Electoral districts are the common element.

Stewardship based on the Constitution:

The consistencies of a company consist of:

  • Main: employees, customers, suppliers and investors.
  • Secondary – regulators and competitors
  • community at large

Primary constituencies are directly associated with income-generating activities: employees perform, customers buy, vendors deliver, and investors finance. Employees take care of customers who create demand for suppliers and provide potential for investors to earn a return. Secondary groups allow activities or challenge them. Constituents are individual members of a constituent group.

Employees (main):

  • Full time and part time
  • Permanent (including leased) and temporary

The definition of employment is determined by federal immigration and federal and state employment and tax laws and regulations. They are numerous and complex.

A common law employee is a person who performs services for wages or salary, under an oral or written contract, on a continuous basis and under the control of a director of a company.

Corporate officers are treated as employees if they perform services and are compensated; business partners, members of limited liability companies and sole proprietors are not treated as employees.

An independent contractor performs the work for a director who can determine the end result, but not how the result is achieved, and is assumed to be temporary in nature. Severe penalties can result from the misclassification of employees as independent contractors. Independent contractors are businesses in their own right.

Leased employees are technically employed by a Professional Employment Organization (PEO), but the client is responsible for job control. The administrative burden of the HR function, including payroll processing, is shifted to the PEO. In effect, the employees are working for the client with an outsourced human resources department. By pooling employees from multiple clients, the PEO can reduce processing costs and obtain favorable insurance rates due to the scale effect. Clients pay fees and amounts to cover payroll, taxes, and benefits directly to the PEO.

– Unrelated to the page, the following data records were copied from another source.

lemma generalized_limit_exists: "\<exists>Blim. generalized_limit Blim"
proof -
  define p where "p b = upper_limit (apply_bcontfun b)" for b :: "nat \<Rightarrow>\<^sub>C real"
  obtain L where L: "linear L" "\<And>b. L b \<le> p b"
  proof (atomize_elim, rule Hahn_Banach_sublinear)
    show "p (b + b') \<le> p b + p b'" for b b'
      unfolding p_def using upper_limit_add[OF Bseq_apply_bcontfun Bseq_apply_bcontfun] by simp
    show "p (c *\<^sub>R b) = c * p b" if "c > 0" for c b
      unfolding p_def using upper_limit_cmult[OF Bseq_apply_bcontfun that] by simp
  qed
  have inv: "apply_bcontfun (Bcontfun s) = s" if "Bseq s" for s :: "nat \<Rightarrow> real"
    using Bcontfun_inverse[OF Bseq_in_bcontfun[OF that]] .
  have "generalized_limit (\<lambda>s. L (Bcontfun s))"
  proof
    fix s t :: "nat \<Rightarrow> real" and c a :: real
    assume s: "Bseq s"
    show "L (Bcontfun (\<lambda>n. s n + t n)) = L (Bcontfun s) + L (Bcontfun t)" if "Bseq t"
    proof -
      have "Bcontfun (\<lambda>n. s n + t n) = Bcontfun s + Bcontfun t"
        by (rule bcontfun_eqI) (simp add: inv s that Bseq_plus)
      then show ?thesis using linear_add[OF L(1)] by simp
    qed
    have "Bcontfun (\<lambda>n. c * s n) = c *\<^sub>R Bcontfun s"
      by (rule bcontfun_eqI) (simp add: inv s Bseq_cmult)
    then show "L (Bcontfun (\<lambda>n. c * s n)) = c * L (Bcontfun s)"
      using linear_scale[OF L(1)] by simp
    show "L (Bcontfun s) \<le> a" if "eventually (\<lambda>n. s n \<le> a) sequentially"
      using L(2)[of "Bcontfun s"] upper_limit_le_eventually[OF s that]
      unfolding p_def inv[OF s] by linarith
  qed
  then show ?thesis by blast
qed

section \<open>One-sided derivatives of the norm\<close>

text \<open>The map \<open>t \<mapsto> \<parallel>t u + w\<parallel> - t \<parallel>u\<parallel>\<close> is non-increasing on \<open>t > 0\<close>; substituting \<open>t = 1/s\<close>,
  its infimum is the one-sided derivative of the norm at \<open>u\<close> in direction \<open>w\<close>.\<close>

definition norm_dir_deriv :: "'a::real_normed_vector \<Rightarrow> 'a \<Rightarrow> real" where
  "norm_dir_deriv u w = Inf {norm (t *\<^sub>R u + w) - t * norm u | t. t > 0}"

text \<open>By convexity of the norm the sum below is always non-negative, so this says that the
  norm is differentiable at \<open>u\<close> along \<open>w\<close>.\<close>

definition norm_smooth_along :: "'a::real_normed_vector \<Rightarrow> 'a \<Rightarrow> bool" where
  "norm_smooth_along u w \<longleftrightarrow> norm_dir_deriv u w + norm_dir_deriv u (- w) \<le> 0"

lemma norm_scaleR_add_minus_ge: "t \<ge> 0 \<Longrightarrow> - norm w \<le> norm (t *\<^sub>R u + w) - t * norm u"
  using norm_triangle_ineq2[of "t *\<^sub>R u" "- w"] by (simp add: abs_le_iff)

lemma norm_scaleR_add_minus_antimono:
  assumes "0 \<le> t" "t \<le> t'"
  shows "norm (t' *\<^sub>R u + w) - t' * norm u \<le> norm (t *\<^sub>R u + w) - t * norm u"
proof -
  have "norm (t' *\<^sub>R u + w) = norm ((t *\<^sub>R u + w) + (t' - t) *\<^sub>R u)"
    by (simp add: algebra_simps)
  also have "\<dots> \<le> norm (t *\<^sub>R u + w) + (t' - t) * norm u"
    using norm_triangle_ineq[of "t *\<^sub>R u + w" "(t' - t) *\<^sub>R u"] assms by simp
  finally show ?thesis by (simp add: algebra_simps)
qed

lemma norm_dir_deriv_le:
  assumes "t > 0"
  shows "norm_dir_deriv u w \<le> norm (t *\<^sub>R u + w) - t * norm u"
proof -
  have "bdd_below {norm (t *\<^sub>R u + w) - t * norm u | t. t > 0}"
    by (rule bdd_belowI[of _ "- norm w"]) (auto intro: norm_scaleR_add_minus_ge)
  then show ?thesis
    unfolding norm_dir_deriv_def using assms by (auto intro: cInf_lower)
qed

lemma norm_dir_deriv_greatest:
  "(\<And>t. t > 0 \<Longrightarrow> a \<le> norm (t *\<^sub>R u + w) - t * norm u) \<Longrightarrow> a \<le> norm_dir_deriv u w"
  unfolding norm_dir_deriv_def by (rule cInf_greatest) (auto intro: exI[of _ 1])

lemma norm_dir_deriv_at_top:
  assumes c: "c > 0" and \<delta>: "\<delta> > 0"
  shows "\<forall>\<^sub>F t in at_top. norm (c *\<^sub>R w + t *\<^sub>R u) - t * norm u \<le> c * norm_dir_deriv u w + \<delta>"
proof -
  obtain t0 where t0: "t0 > 0" "norm (t0 *\<^sub>R u + w) - t0 * norm u < norm_dir_deriv u w + \<delta> / c"
    using norm_dir_deriv_greatest[of "norm_dir_deriv u w + \<delta> / c" u w] c \<delta>
    by (metis divide_pos_pos less_add_same_cancel1 not_le)
  have "norm (c *\<^sub>R w + t *\<^sub>R u) - t * norm u \<le> c * norm_dir_deriv u w + \<delta>" if t: "t \<ge> c * t0" for t
  proof -
    have "c *\<^sub>R w + t *\<^sub>R u = c *\<^sub>R ((t / c) *\<^sub>R u + w)"
      using c by (simp add: algebra_simps)
    then have "norm (c *\<^sub>R w + t *\<^sub>R u) = c * norm ((t / c) *\<^sub>R u + w)"
      using c by simp
    then have "norm (c *\<^sub>R w + t *\<^sub>R u) - t * norm u = c * (norm ((t / c) *\<^sub>R u + w) - (t / c) * norm u)"
      using c by (simp add: algebra_simps)
    also have "\<dots> \<le> c * (norm (t0 *\<^sub>R u + w) - t0 * norm u)"
      using c t t0 by (intro mult_left_mono norm_scaleR_add_minus_antimono) (auto simp: field_simps)
    also have "\<dots> \<le> c * norm_dir_deriv u w + \<delta>"
      using c t0 by (simp add: field_simps)
    finally show ?thesis .
  qed
  then show ?thesis
    unfolding eventually_at_top_linorder by blast
qed

lemma norm_dir_deriv_chord:
  assumes "s < s'"
  shows "norm_dir_deriv (v + s *\<^sub>R y) y + norm_dir_deriv (v + s' *\<^sub>R y) (- y) \<le> 0"
proof -
  define t where "t = 1 / (s' - s)"
  have t: "t > 0" unfolding t_def using assms by simp
  have ts: "t * s + 1 = t * s'" "t * s' - 1 = t * s"
    unfolding t_def using assms by (simp_all add: field_simps)
  have "t *\<^sub>R (v + s *\<^sub>R y) + y = t *\<^sub>R v + (t * s + 1) *\<^sub>R y"
    and "t *\<^sub>R (v + s' *\<^sub>R y) + - y = t *\<^sub>R v + (t * s' - 1) *\<^sub>R y"
    by (simp_all add: algebra_simps)
  then have "t *\<^sub>R (v + s *\<^sub>R y) + y = t *\<^sub>R (v + s' *\<^sub>R y)"
    and "t *\<^sub>R (v + s' *\<^sub>R y) + - y = t *\<^sub>R (v + s *\<^sub>R y)"
    unfolding ts by (simp_all add: algebra_simps)
  then show ?thesis
    using norm_dir_deriv_le[OF t, of "v + s *\<^sub>R y" y] norm_dir_deriv_le[OF t, of "v + s' *\<^sub>R y" "- y"] t
    by simp
qed

text \<open>Otherwise \<open>s \<mapsto>\<close> a rational strictly between the two one-sided derivatives at \<open>v + s y\<close>
  would be strictly increasing on an interval, injecting it into \<open>\<rat>\<close>.\<close>

lemma norm_smooth_along_dense:
  assumes "\<delta> > 0"
  shows "\<exists>s. \<bar>s\<bar> < \<delta> \<and> norm_smooth_along (v + s *\<^sub>R y) y"
proof (rule ccontr)
  define I where "I = {-\<delta><..<\<delta>}"
  define D where "D s = norm_dir_deriv (v + s *\<^sub>R y) y" for s
  define D' where "D' s = - norm_dir_deriv (v + s *\<^sub>R y) (- y)" for s
  assume "\<not> ?thesis"
  then have "\<not> norm_smooth_along (v + s *\<^sub>R y) y" if "s \<in> I" for s
    using that unfolding I_def by force
  then have "D' s < D s" if "s \<in> I" for s
    using that unfolding D_def D'_def norm_smooth_along_def by force
  then have "\<forall>s\<in>I. \<exists>r. r \<in> \<rat> \<and> D' s < r \<and> r < D s"
    using Rats_dense_in_real by blast
  then obtain q where q: "\<And>s. s \<in> I \<Longrightarrow> q s \<in> \<rat> \<and> D' s < q s \<and> q s < D s"
    by (auto dest!: bchoice)
  have strict_mono: "q s < q s'" if "s \<in> I" "s' \<in> I" "s < s'" for s s'
    using q[OF that(1)] q[OF that(2)] norm_dir_deriv_chord[OF that(3), of v y]
    unfolding D_def D'_def by linarith
  have "inj_on q I"
  proof (rule inj_onI)
    fix s s' assume "s \<in> I" "s' \<in> I" "q s = q s'"
    then show "s = s'"
      using strict_mono[of s s'] strict_mono[of s' s] by (cases s s' rule: linorder_cases) auto
  qed
  moreover have "q ` I \<subseteq> \<rat>"
    using q by blast
  then have "countable (q ` I)"
    using countable_rat countable_subset by blast
  ultimately have "countable I"
    using countable_image_inj_on by blast
  then show False
    using uncountable_open_interval[of "-\<delta>" \<delta>] assms unfolding I_def by simp
qed

section \<open>A sandwich theorem\<close>

lemma lipschitz_on_le_add_norm:
  fixes k :: "'a::real_normed_vector \<Rightarrow> real"
  shows "1-lipschitz_on UNIV k \<Longrightarrow> k q \<le> k r + norm (q - r)"
  using lipschitz_onD[of 1 UNIV k q r] by (simp add: dist_real_def dist_norm)

context
  fixes k m :: "'a::real_normed_vector \<Rightarrow> real"
  assumes k_convex: "convex_on UNIV k" and m_convex: "convex_on UNIV m"
    and k_lipschitz: "1-lipschitz_on UNIV k"
    and k_plus_m_nonneg: "\<And>q. 0 \<le> k q + m q"
begin

text \<open>The largest positively homogeneous minorant of the infimal convolution of \<open>k\<close> and
  \<open>m \<circ> uminus\<close>.\<close>

definition sandwich_gauge :: "'a \<Rightarrow> real" where
  "sandwich_gauge y = Inf {(k (l *\<^sub>R y + z) + m z) / l | l z. l > 0}"

lemma sandwich_gauge_le: "l > 0 \<Longrightarrow> sandwich_gauge y \<le> (k (l *\<^sub>R y + z) + m z) / l"
proof -
  assume l: "l > 0"
  have "- norm y \<le> (k (l' *\<^sub>R y + z') + m z') / l'" if "l' > 0" for l' z'
  proof -
    have "k z' \<le> k (l' *\<^sub>R y + z') + l' * norm y"
      using lipschitz_on_le_add_norm[OF k_lipschitz, of z' "l' *\<^sub>R y + z'"] that by simp
    then have "- (l' * norm y) \<le> k (l' *\<^sub>R y + z') + m z'"
      using k_plus_m_nonneg[of z'] by linarith
    then show ?thesis using that by (simp add: field_simps)
  qed
  then have "bdd_below {(k (l *\<^sub>R y + z) + m z) / l | l z. l > 0}"
    by (intro bdd_belowI[of _ "- norm y"]) blast
  then show ?thesis
    unfolding sandwich_gauge_def using l by (auto intro: cInf_lower)
qed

The rules related to employment, self-employment, and unemployment taxes are complex. In some cases, independent contractors are considered statutory employees for payroll tax purposes under the Internal Revenue Code. If not, they are responsible for their own labor taxes.

Clients (primary):

  • Acquire “hard” products and products related to “soft” services
  • Receive services at the time of product delivery
  • Purchase support services

Customers can be internal or external to a company. Internally, one unit may provide products and/or services to another, or pass work in progress. For example, administrative functions are service providers for operational functions. Externally, clients can be individuals or companies. The relationship between companies is always with individuals. Therefore, a company’s reputation with its customers is highly dependent on specific individual relationships, attitudes, and behaviors that may or may not be consistent with management’s values ​​and intentions.

Relationships with companies that consist of multiple entities and operate in multiple markets can be complex. Corporations often have subsidiaries and affiliates that are separate but related entities under a holding company structure for various business and legal reasons. A specific management team may be common to several entities, or just one. As a consequence, business practices may differ between entities within the same structure. Therefore, when establishing a relationship with a customer, it is important to obtain information about the exact business entity, including the legal name, especially for credit reporting purposes.

Customers begin relationships as prospects, which can be contractual or non-contractual. However, once a prospect becomes a customer, they should always be treated as such, regardless of whether they are active or not, and unless there is a legal reason to end the relationship. An existing customer is also a prospect to market products and/or services outside of the current active relationship.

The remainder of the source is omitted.